definition compact_radon :: "(real \<times> real) measure \<Rightarrow> bool" where
  "compact_radon M \<longleftrightarrow> sets M = sets borel \<and> finite_measure M \<and>
     (\<exists>C. compact C \<and> emeasure M (UNIV - C) = 0)"

definition slab_avg :: "(real \<times> real) measure \<Rightarrow> real \<Rightarrow> (real \<times> real \<Rightarrow> real) \<Rightarrow> real \<Rightarrow> real" where
  "slab_avg M t \<eta> \<delta> = (1 / (2 * \<delta>)) *
     (\<integral>x. indicator (rho2 -` {t - \<delta> <..< t + \<delta>}) x * \<eta> x \<partial>M)"

definition slice_exists :: "(real \<times> real) measure \<Rightarrow> real \<Rightarrow> bool" where
  "slice_exists M t \<longleftrightarrow>
     (\<forall>\<eta>. continuous_on UNIV \<eta> \<longrightarrow> (\<exists>L. (slab_avg M t \<eta> \<longlongrightarrow> L) (at_right 0)))"

definition slice_integral :: "(real \<times> real) measure \<Rightarrow> real \<Rightarrow> (real \<times> real \<Rightarrow> real) \<Rightarrow> real" where
  "slice_integral M t \<eta> = Lim (at_right 0) (slab_avg M t \<eta>)"

definition sup_compact :: "(real \<times> real \<Rightarrow> real) set \<Rightarrow> bool" where
  "sup_compact K \<longleftrightarrow> (\<forall>f :: nat \<Rightarrow> real \<times> real \<Rightarrow> real. (\<forall>n. f n \<in> K) \<longrightarrow>
     (\<exists>r g. strict_mono r \<and> g \<in> K \<and> uniform_limit (UNIV :: (real \<times> real) set) (\<lambda>n. f (r n)) g sequentially))"

end

theory Submission
  imports Defs
begin

text \<open>
  By Fubini, \<open>\<integral> \<eta>(s,t) \<mu>\<^sub>\<epsilon>(s,t) ds\<close> is the \<open>\<mu>\<close>-integral of
  \<open>y \<mapsto> \<epsilon>\<^sup>-\<^sup>2 [|y\<^sub>2 - t| < \<epsilon>/2] \<integral>{|s - y\<^sub>1| < \<epsilon>/2} \<eta>(s,t) ds\<close>.
  For \<open>y\<close> in the compact support the inner average differs from \<open>\<eta>(y)\<close> by at most
  the oscillation of \<open>\<eta>\<close> at scale \<open>\<epsilon>\<close> there, so the whole expression is close
  to the slab average at \<open>\<delta> = \<epsilon>/2\<close>, which tends to \<open>\<integral> \<eta> d\<mu>\<^sub>t\<close> by assumption.
  If \<open>\<eta>\<close> is within \<open>c\<close> of a fixed continuous \<open>g\<close> in sup norm, its oscillation is
  at most that of \<open>g\<close> plus \<open>2c\<close>, and slab averages and the slice move by at most
  \<open>c\<close> times the slab mass; hence the convergence is uniform on a sup-norm
  neighbourhood of \<open>g\<close>. Sequential compactness of \<open>K\<close> turns this local
  uniformity into uniform convergence on \<open>K\<close>.
\<close>

lemma uniform_limit_at_right_if_locally_uniform:
  fixes F :: "real \<Rightarrow> ('a \<Rightarrow> 'b::metric_space) \<Rightarrow> 'c::metric_space"
  assumes seq_compact: "\<And>f :: nat \<Rightarrow> 'a \<Rightarrow> 'b. (\<And>n. f n \<in> K) \<Longrightarrow>
      \<exists>r g. strict_mono r \<and> g \<in> K \<and> uniform_limit UNIV (\<lambda>n. f (r n)) g sequentially"
    and locally_uniform: "\<And>g e. g \<in> K \<Longrightarrow> 0 < e \<Longrightarrow> \<exists>c>0. eventually
      (\<lambda>\<epsilon>. \<forall>\<eta>\<in>K. (\<forall>x. dist (\<eta> x) (g x) < c) \<longrightarrow> dist (F \<epsilon> \<eta>) (L \<eta>) < e) (at_right 0)"
  shows "uniform_limit K F L (at_right 0)"
  unfolding uniform_limit_iff
proof (intro allI impI)
  fix e :: real assume "0 < e"
  show "eventually (\<lambda>\<epsilon>. \<forall>\<eta>\<in>K. dist (F \<epsilon> \<eta>) (L \<eta>) < e) (at_right 0)"
  proof (rule ccontr)
    assume "\<not> ?thesis"
    then have "\<forall>n. \<exists>\<epsilon>. \<exists>\<eta>. 0 < \<epsilon> \<and> \<epsilon> < inverse (Suc n) \<and> \<eta> \<in> K \<and> \<not> dist (F \<epsilon> \<eta>) (L \<eta>) < e"
      unfolding eventually_at_right_field by (metis of_nat_0_less_iff positive_imp_inverse_positive zero_less_Suc)
    from choice[OF this] obtain \<epsilon> where
      "\<forall>n. \<exists>\<eta>. 0 < \<epsilon> n \<and> \<epsilon> n < inverse (Suc n) \<and> \<eta> \<in> K \<and> \<not> dist (F (\<epsilon> n) \<eta>) (L \<eta>) < e" ..
    from choice[OF this] obtain \<eta> where \<epsilon>: "\<And>n. 0 < \<epsilon> n" "\<And>n. \<epsilon> n < inverse (Suc n)"
      and \<eta>: "\<And>n. \<eta> n \<in> K" and bad: "\<And>n. \<not> dist (F (\<epsilon> n) (\<eta> n)) (L (\<eta> n)) < e"
      by auto
    obtain r g where r: "strict_mono r" and "g \<in> K"
      and lim: "uniform_limit UNIV (\<lambda>n. \<eta> (r n)) g sequentially"
      using seq_compact[of \<eta>] \<eta> by blast
    obtain c where "0 < c" and good: "eventually
        (\<lambda>\<epsilon>. \<forall>\<eta>\<in>K. (\<forall>x. dist (\<eta> x) (g x) < c) \<longrightarrow> dist (F \<epsilon> \<eta>) (L \<eta>) < e) (at_right 0)"
      using locally_uniform[OF \<open>g \<in> K\<close> \<open>0 < e\<close>] by blast
    have "\<epsilon> \<longlonglongrightarrow> 0"
      by (rule tendsto_sandwich[OF _ _ tendsto_const LIMSEQ_inverse_real_of_nat])
        (use \<epsilon> in \<open>auto intro!: always_eventually less_imp_le\<close>)
    then have "filterlim (\<lambda>n. \<epsilon> (r n)) (at_right 0) sequentially"
      unfolding filterlim_at using LIMSEQ_subseq_LIMSEQ[OF _ r] \<epsilon>(1)
      by (auto simp: o_def less_imp_neq[symmetric] intro!: always_eventually)
    from filterlim_iff[THEN iffD1, OF this, rule_format, OF good]
      and lim[unfolded uniform_limit_iff, rule_format, OF \<open>0 < c\<close>]
    have "eventually (\<lambda>n. dist (F (\<epsilon> (r n)) (\<eta> (r n))) (L (\<eta> (r n))) < e) sequentially"
      by eventually_elim (use \<eta> in blast)
    then show False
      using bad by (simp add: eventually_sequentially)
  qed
qed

· · · · · · ·

What the task asks - Copy out the entire listing above exactly.

Result for this exercise -
definition compact_radon :: "(real \<times> real) measure \<Rightarrow> bool" where
  "compact_radon M \<longleftrightarrow> sets M = sets borel \<and> finite_measure M \<and>
     (\<exists>C. compact C \<and> emeasure M (UNIV - C) = 0)"

definition slab_avg :: "(real \<times> real) measure \<Rightarrow> real \<Rightarrow> (real \<times> real \<Rightarrow> real) \<Rightarrow> real \<Rightarrow> real" where
  "slab_avg M t \<eta> \<delta> = (1 / (2 * \<delta>)) *
     (\<integral>x. indicator (rho2 -` {t - \<delta> <..< t + \<delta>}) x * \<eta> x \<partial>M)"

definition slice_exists :: "(real \<times> real) measure \<Rightarrow> real \<Rightarrow> bool" where
  "slice_exists M t \<longleftrightarrow>
     (\<forall>\<eta>. continuous_on UNIV \<eta> \<longrightarrow> (\<exists>L. (slab_avg M t \<eta> \<longlongrightarrow> L) (at_right 0)))"

definition slice_integral :: "(real \<times> real) measure \<Rightarrow> real \<Rightarrow> (real \<times> real \<Rightarrow> real) \<Rightarrow> real" where
  "slice_integral M t \<eta> = Lim (at_right 0) (slab_avg M t \<eta>)"

definition sup_compact :: "(real \<times> real \<Rightarrow> real) set \<Rightarrow> bool" where
  "sup_compact K \<longleftrightarrow> (\<forall>f :: nat \<Rightarrow> real \<times> real \<Rightarrow> real. (\<forall>n. f n \<in> K) \<longrightarrow>
     (\<exists>r g. strict_mono r \<and> g \<in> K \<and> uniform_limit (UNIV :: (real \<times> real) set) (\<lambda>n. f (r n)) g sequentially))"

end

theory Submission
  imports Defs
begin

text \<open>
  By Fubini, \<open>\<integral> \<eta>(s,t) \<mu>\<^sub>\<epsilon>(s,t) ds\<close> is the \<open>\<mu>\<close>-integral of
  \<open>y \<mapsto> \<epsilon>\<^sup>-\<^sup>2 [|y\<^sub>2 - t| < \<epsilon>/2] \<integral>{|s - y\<^sub>1| < \<epsilon>/2} \<eta>(s,t) ds\<close>.
  For \<open>y\<close> in the compact support the inner average differs from \<open>\<eta>(y)\<close> by at most
  the oscillation of \<open>\<eta>\<close> at scale \<open>\<epsilon>\<close> there, so the whole expression is close
  to the slab average at \<open>\<delta> = \<epsilon>/2\<close>, which tends to \<open>\<integral> \<eta> d\<mu>\<^sub>t\<close> by assumption.
  If \<open>\<eta>\<close> is within \<open>c\<close> of a fixed continuous \<open>g\<close> in sup norm, its oscillation is
  at most that of \<open>g\<close> plus \<open>2c\<close>, and slab averages and the slice move by at most
  \<open>c\<close> times the slab mass; hence the convergence is uniform on a sup-norm
  neighbourhood of \<open>g\<close>. Sequential compactness of \<open>K\<close> turns this local
  uniformity into uniform convergence on \<open>K\<close>.
\<close>

lemma uniform_limit_at_right_if_locally_uniform:
  fixes F :: "real \<Rightarrow> ('a \<Rightarrow> 'b::metric_space) \<Rightarrow> 'c::metric_space"
  assumes seq_compact: "\<And>f :: nat \<Rightarrow> 'a \<Rightarrow> 'b. (\<And>n. f n \<in> K) \<Longrightarrow>
      \<exists>r g. strict_mono r \<and> g \<in> K \<and> uniform_limit UNIV (\<lambda>n. f (r n)) g sequentially"
    and locally_uniform: "\<And>g e. g \<in> K \<Longrightarrow> 0 < e \<Longrightarrow> \<exists>c>0. eventually
      (\<lambda>\<epsilon>. \<forall>\<eta>\<in>K. (\<forall>x. dist (\<eta> x) (g x) < c) \<longrightarrow> dist (F \<epsilon> \<eta>) (L \<eta>) < e) (at_right 0)"
  shows "uniform_limit K F L (at_right 0)"
  unfolding uniform_limit_iff
proof (intro allI impI)
  fix e :: real assume "0 < e"
  show "eventually (\<lambda>\<epsilon>. \<forall>\<eta>\<in>K. dist (F \<epsilon> \<eta>) (L \<eta>) < e) (at_right 0)"
  proof (rule ccontr)
    assume "\<not> ?thesis"
    then have "\<forall>n. \<exists>\<epsilon>. \<exists>\<eta>. 0 < \<epsilon> \<and> \<epsilon> < inverse (Suc n) \<and> \<eta> \<in> K \<and> \<not> dist (F \<epsilon> \<eta>) (L \<eta>) < e"
      unfolding eventually_at_right_field by (metis of_nat_0_less_iff positive_imp_inverse_positive zero_less_Suc)
    from choice[OF this] obtain \<epsilon> where
      "\<forall>n. \<exists>\<eta>. 0 < \<epsilon> n \<and> \<epsilon> n < inverse (Suc n) \<and> \<eta> \<in> K \<and> \<not> dist (F (\<epsilon> n) \<eta>) (L \<eta>) < e" ..
    from choice[OF this] obtain \<eta> where \<epsilon>: "\<And>n. 0 < \<epsilon> n" "\<And>n. \<epsilon> n < inverse (Suc n)"
      and \<eta>: "\<And>n. \<eta> n \<in> K" and bad: "\<And>n. \<not> dist (F (\<epsilon> n) (\<eta> n)) (L (\<eta> n)) < e"
      by auto
    obtain r g where r: "strict_mono r" and "g \<in> K"
      and lim: "uniform_limit UNIV (\<lambda>n. \<eta> (r n)) g sequentially"
      using seq_compact[of \<eta>] \<eta> by blast
    obtain c where "0 < c" and good: "eventually
        (\<lambda>\<epsilon>. \<forall>\<eta>\<in>K. (\<forall>x. dist (\<eta> x) (g x) < c) \<longrightarrow> dist (F \<epsilon> \<eta>) (L \<eta>) < e) (at_right 0)"
      using locally_uniform[OF \<open>g \<in> K\<close> \<open>0 < e\<close>] by blast
    have "\<epsilon> \<longlonglongrightarrow> 0"
      by (rule tendsto_sandwich[OF _ _ tendsto_const LIMSEQ_inverse_real_of_nat])
        (use \<epsilon> in \<open>auto intro!: always_eventually less_imp_le\<close>)
    then have "filterlim (\<lambda>n. \<epsilon> (r n)) (at_right 0) sequentially"
      unfolding filterlim_at using LIMSEQ_subseq_LIMSEQ[OF _ r] \<epsilon>(1)
      by (auto simp: o_def less_imp_neq[symmetric] intro!: always_eventually)
    from filterlim_iff[THEN iffD1, OF this, rule_format, OF good]
      and lim[unfolded uniform_limit_iff, rule_format, OF \<open>0 < c\<close>]
    have "eventually (\<lambda>n. dist (F (\<epsilon> (r n)) (\<eta> (r n))) (L (\<eta> (r n))) < e) sequentially"
      by eventually_elim (use \<eta> in blast)
    then show False
      using bad by (simp add: eventually_sequentially)
  qed
qed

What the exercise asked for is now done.